Proctor Medal (joint): Christine Curcio, PhD, FARVO (RC)
A neuroscientist by training, Christine Curcio, PhD, has made seminal contributions to the anatomic and molecular pathobiology of age-related macular degeneration (AMD), which degrades central vision in aged adults worldwide. Using tools of digital histology, her lab has made important discoveries about the composition and role of drusen deposits in human AMD while also identifying hallmarks such as early loss of rod photoreceptors, gliosis, and RPE transdifferentiation. Curcio's microscopy studies support multiple clinical diagnostic techniques, including optical coherence tomography, autofluorescence, adaptive optics and rod-mediated dark adaptation.
Proctor Medal (joint): Cynthia Owsley, PhD, MSPH, FARVO (CL)
Cynthia Owsley, PhD, MSPH, FARVO, is the Nathan E. Miles Endowed Chair of Ophthalmology at the University of Alabama at Birmingham (UAB). She completed her doctoral degree at Cornell University in experimental psychology. For 25 years she has collaborated with Christine Curcio, PhD, to understand the transition from aging to intermediate Age-related Macular Degeneration (AMD) to reveal structure-function associations. Early demise of rod photoreceptors during aging and AMD underscores the pressing need to understand functionally validated structural endpoints in AMD to arrest its early progression before cone loss and blindness.
Friedenwald Award: Connie Cepko, PhD (RE)
Connie Cepko, PhD, is the Bullard Professor of Genetics and Neuroscience at Harvard Medical School and an investigator at the Howard Hughes Medical Institute.

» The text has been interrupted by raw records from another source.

(* Let $\mathcal{H}$ be a real Hilbert space, $\bar{K}\subseteq\mathcal{H}$ a nonempty closed set, $F:\mathcal{H}\times\mathcal{H}\to\mathbb{R}$ a bifunction, and $k,r>0$, $\lambda>0$ constants; put $\epsilon=\frac{k}{2r}$. Assume $F$ is pseudomonotone on $\bar{K}\times\bar{K}$ in the sense that for all $u,v\in\bar{K}$, $$F(u,v)+\frac{k}{2r}\|v-u\|^2\ge 0 \implies F(v,u)+\frac{k}{2r}\|v-u\|^2\le 0.$$ Let $u^*\in\bar{K}$ be a solution of the uniformly regular equilibrium problem, i.e. $F(u^*,v)+\frac{k}{2r}\|v-u^*\|^2\ge 0$ for all $v\in\bar{K}$. Let $u_n\in\mathcal{H}$ and let $u_{n+1}\in\bar{K}$ be generated by the proximal method, i.e. $$\lambda F(u_{n+1},v)+\Big\langle \big(1+\tfrac{k}{2r}\big)(u_{n+1}-u_n)+\tfrac{k}{2r}(v-u_{n+1}),\,v-u_{n+1}\Big\rangle\ge 0\quad\forall v\in\bar{K}.$$ Then $$\|u_{n+1}-u^*\|^2\le (1+\epsilon)^2\|u_n-u^*\|^2-\|u_{n+1}-(1+\epsilon)u_n+\epsilon u^*\|^2.$$
   Context: $\bar{K}$ is intended to be a (possibly nonconvex) uniformly $r$-prox-regular set: for all $u\in\bar K$ and all nonzero proximal normals $w$ to $\bar K$ at $u$ with $\|w\|\le r$, $\langle w,v-u\rangle\le\frac{1}{2r}\|v-u\|^2$ for all $v\in\bar K$. *)

theory Defs
  imports "HOL-Analysis.Analysis"
begin

definition proximal_normal :: "'a::real_inner set \<Rightarrow> 'a \<Rightarrow> 'a \<Rightarrow> bool" where
  "proximal_normal K u w \<longleftrightarrow> u \<in> K \<and>
     (\<exists>t>0. \<forall>v\<in>K. dist (u + t *\<^sub>R w) u \<le> dist (u + t *\<^sub>R w) v)"

definition uniformly_prox_regular :: "real \<Rightarrow> 'a::real_inner set \<Rightarrow> bool" where
  "uniformly_prox_regular r K \<longleftrightarrow>
     (\<forall>u\<in>K. \<forall>w. proximal_normal K u w \<and> w \<noteq> 0 \<and> norm w \<le> r \<longrightarrow>
        (\<forall>v\<in>K. inner w (v - u) \<le> 1 / (2 * r) * (norm (v - u))\<^sup>2))"

end

theory Submission
  imports Defs
begin

text \<open>Testing the proximal step with \<open>v = u\<^sup>*\<close> kills the bifunction term: \<open>u\<^sup>*\<close> solves the
  problem, so pseudomonotonicity gives \<open>F(u\<^sub>n\<^sub>+\<^sub>1, u\<^sup>*) \<le> -\<epsilon>\<parallel>u\<^sub>n\<^sub>+\<^sub>1 - u\<^sup>*\<parallel>\<^sup>2 \<le> 0\<close>.
  With \<open>a = u\<^sub>n\<^sub>+\<^sub>1 - u\<^sup>*\<close> and \<open>b = u\<^sub>n - u\<^sup>*\<close> the remaining inner product is
  \<open>(1+\<epsilon>)\<langle>a,b\<rangle> - \<parallel>a\<parallel>\<^sup>2\<close>, and \<open>\<parallel>a\<parallel>\<^sup>2 \<le> (1+\<epsilon>)\<langle>a,b\<rangle>\<close> is exactly the claim after expanding
  \<open>\<parallel>a - (1+\<epsilon>)b\<parallel>\<^sup>2\<close>.\<close>

lemma inner_proximal_step_eq:
  fixes w x v :: "'a::real_inner"
  shows "inner ((1 + e) *\<^sub>R (w - x) + e *\<^sub>R (v - w)) (v - w)
           = (1 + e) * inner (w - v) (x - v) - (norm (w - v))\<^sup>2"
  unfolding power2_norm_eq_inner
  by (simp add: inner_diff_left inner_diff_right inner_commute algebra_simps)

lemma power2_norm_le_diff_iff:
  fixes a b :: "'a::real_inner"
  shows "(norm a)\<^sup>2 \<le> c\<^sup>2 * (norm b)\<^sup>2 - (norm (a - c *\<^sub>R b))\<^sup>2
           \<longleftrightarrow> (norm a)\<^sup>2 \<le> c * inner a b"
proof -
  have "(norm (a - c *\<^sub>R b))\<^sup>2 = (norm a)\<^sup>2 - 2 * c * inner a b + c\<^sup>2 * (norm b)\<^sup>2"
    unfolding power2_norm_eq_inner
    by (simp add: inner_diff_left inner_diff_right inner_commute algebra_simps power2_eq_square)
  then show ?thesis by linarith
qed

theorem mainTheorem1:
  fixes K :: "'a::{real_inner, complete_space} set"
    and F :: "'a \<Rightarrow> 'a \<Rightarrow> real"
    and k r lam \<epsilon> :: real
    and u :: "nat \<Rightarrow> 'a"
    and ustar :: 'a
    and n :: nat
  assumes K_nonempty: "K \<noteq> {}"
    and K_closed: "closed K"
    and K_prox: "uniformly_prox_regular r K"
    and k_pos: "k > 0" and r_pos: "r > 0" and lam_pos: "lam > 0"
    and eps_def: "\<epsilon> = k / (2 * r)"
    and pseudomonotone: "\<forall>x\<in>K. \<forall>v\<in>K.
        F x v + k / (2 * r) * (norm (v - x))\<^sup>2 \<ge> 0 \<longrightarrow>
        F v x + k / (2 * r) * (norm (v - x))\<^sup>2 \<le> 0"
    and ustar_in: "ustar \<in> K"
    and ustar_sol: "\<forall>v\<in>K. F ustar v + k / (2 * r) * (norm (v - ustar))\<^sup>2 \<ge> 0"
    and next_in: "u (Suc n) \<in> K"
    and prox_step: "\<forall>v\<in>K. lam * F (u (Suc n)) v
        + inner ((1 + k / (2 * r)) *\<^sub>R (u (Suc n) - u n) + (k / (2 * r)) *\<^sub>R (v - u (Suc n)))
                (v - u (Suc n)) \<ge> 0"
  shows "(norm (u (Suc n) - ustar))\<^sup>2
     \<le> (1 + \<epsilon>)\<^sup>2 * (norm (u n - ustar))\<^sup>2
       - (norm (u (Suc n) - (1 + \<epsilon>) *\<^sub>R u n + \<epsilon> *\<^sub>R ustar))\<^sup>2"
proof -
  define a where "a = u (Suc n) - ustar"
  define b where "b = u n - ustar"
  have eps_pos: "\<epsilon> > 0" using eps_def k_pos r_pos by simp
  have "F (u (Suc n)) ustar + \<epsilon> * (norm a)\<^sup>2 \<le> 0"
    using pseudomonotone ustar_in next_in ustar_sol eps_def a_def by auto
  moreover have "\<epsilon> * (norm a)\<^sup>2 \<ge> 0" using eps_pos by simp
  ultimately have "F (u (Suc n)) ustar \<le> 0" by linarith
  then have "lam * F (u (Suc n)) ustar \<le> 0" using lam_pos by (simp add: mult_nonneg_nonpos)
  moreover have "lam * F (u (Suc n)) ustar + ((1 + \<epsilon>) * inner a b - (norm a)\<^sup>2) \<ge> 0"
    using prox_step ustar_in unfolding a_def b_def eps_def inner_proximal_step_eq by blast
  ultimately have "(norm a)\<^sup>2 \<le> (1 + \<epsilon>) * inner a b" by linarith
  then have "(norm a)\<^sup>2 \<le> (1 + \<epsilon>)\<^sup>2 * (norm b)\<^sup>2 - (norm (a - (1 + \<epsilon>) *\<^sub>R b))\<^sup>2"
    by (simp only: power2_norm_le_diff_iff)
  moreover have "a - (1 + \<epsilon>) *\<^sub>R b = u (Suc n) - (1 + \<epsilon>) *\<^sub>R u n + \<epsilon> *\<^sub>R ustar"
    unfolding a_def b_def by (simp add: algebra_simps)
  ultimately show ?thesis unfolding a_def b_def by simp
qed

end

She received her doctoral degree from the Massachusetts Institute of Technology, working with Phillip Sharp, PhD. She remained at MIT as a postdoctoral fellow in the laboratory of Richard Mulligan, PhD, where she developed some of the first retrovirus vectors. Cepko's current research is focused on the development and diseases of the retina, including a gene-agnostic gene therapy.
Weisenfeld Award: Geeta K. Vemuganti, DNB, FAMS, MD, FARVO (AP)
Geeta Vemuganti, DNB, FAMS, MD, FARVO, has nurtured the field of ocular pathology, stem cell biology and translational research in India. Her novel technique of culturing limbal cells restored vision in many patients with chemical burns. Other research contributions include identification of limbal stromal cells, human lacrimal tissue cultures, role cancer stem cells and exosomes in retinoblastoma and new animal models. She has contributed three decades of diagnostic ocular pathology and research, plus has served as an editorial board member of WHO book of Classification of Eye tumors. Vemuganti has more than 250 publications and a H-index of 54 with 7900 citations. She is a fellow of various prestigious associations, holds many leadership positions and grants, and has mentored many scholars in eye pathology and vision sciences.
Cogan Award: Alex Hewitt, PhD, FARVO (CL)
Professor Alex Hewitt is a Research Fellow at the Menzies Institute for Medical Research at the University of Tasmania, and a Principal Investigator at the Centre for Eye Research Australia. His major research interests lie in the ophthalmic applications of stem cell and gene-editing technology. Hewitt obtained his PhD in 2009 investigating the molecular and phenotypic associations for glaucoma. In 2014, he expanded his laboratory to Hobart, where his team have been applying CRISPR/Cas-gene editing technology to better understand and treat inherited eye diseases.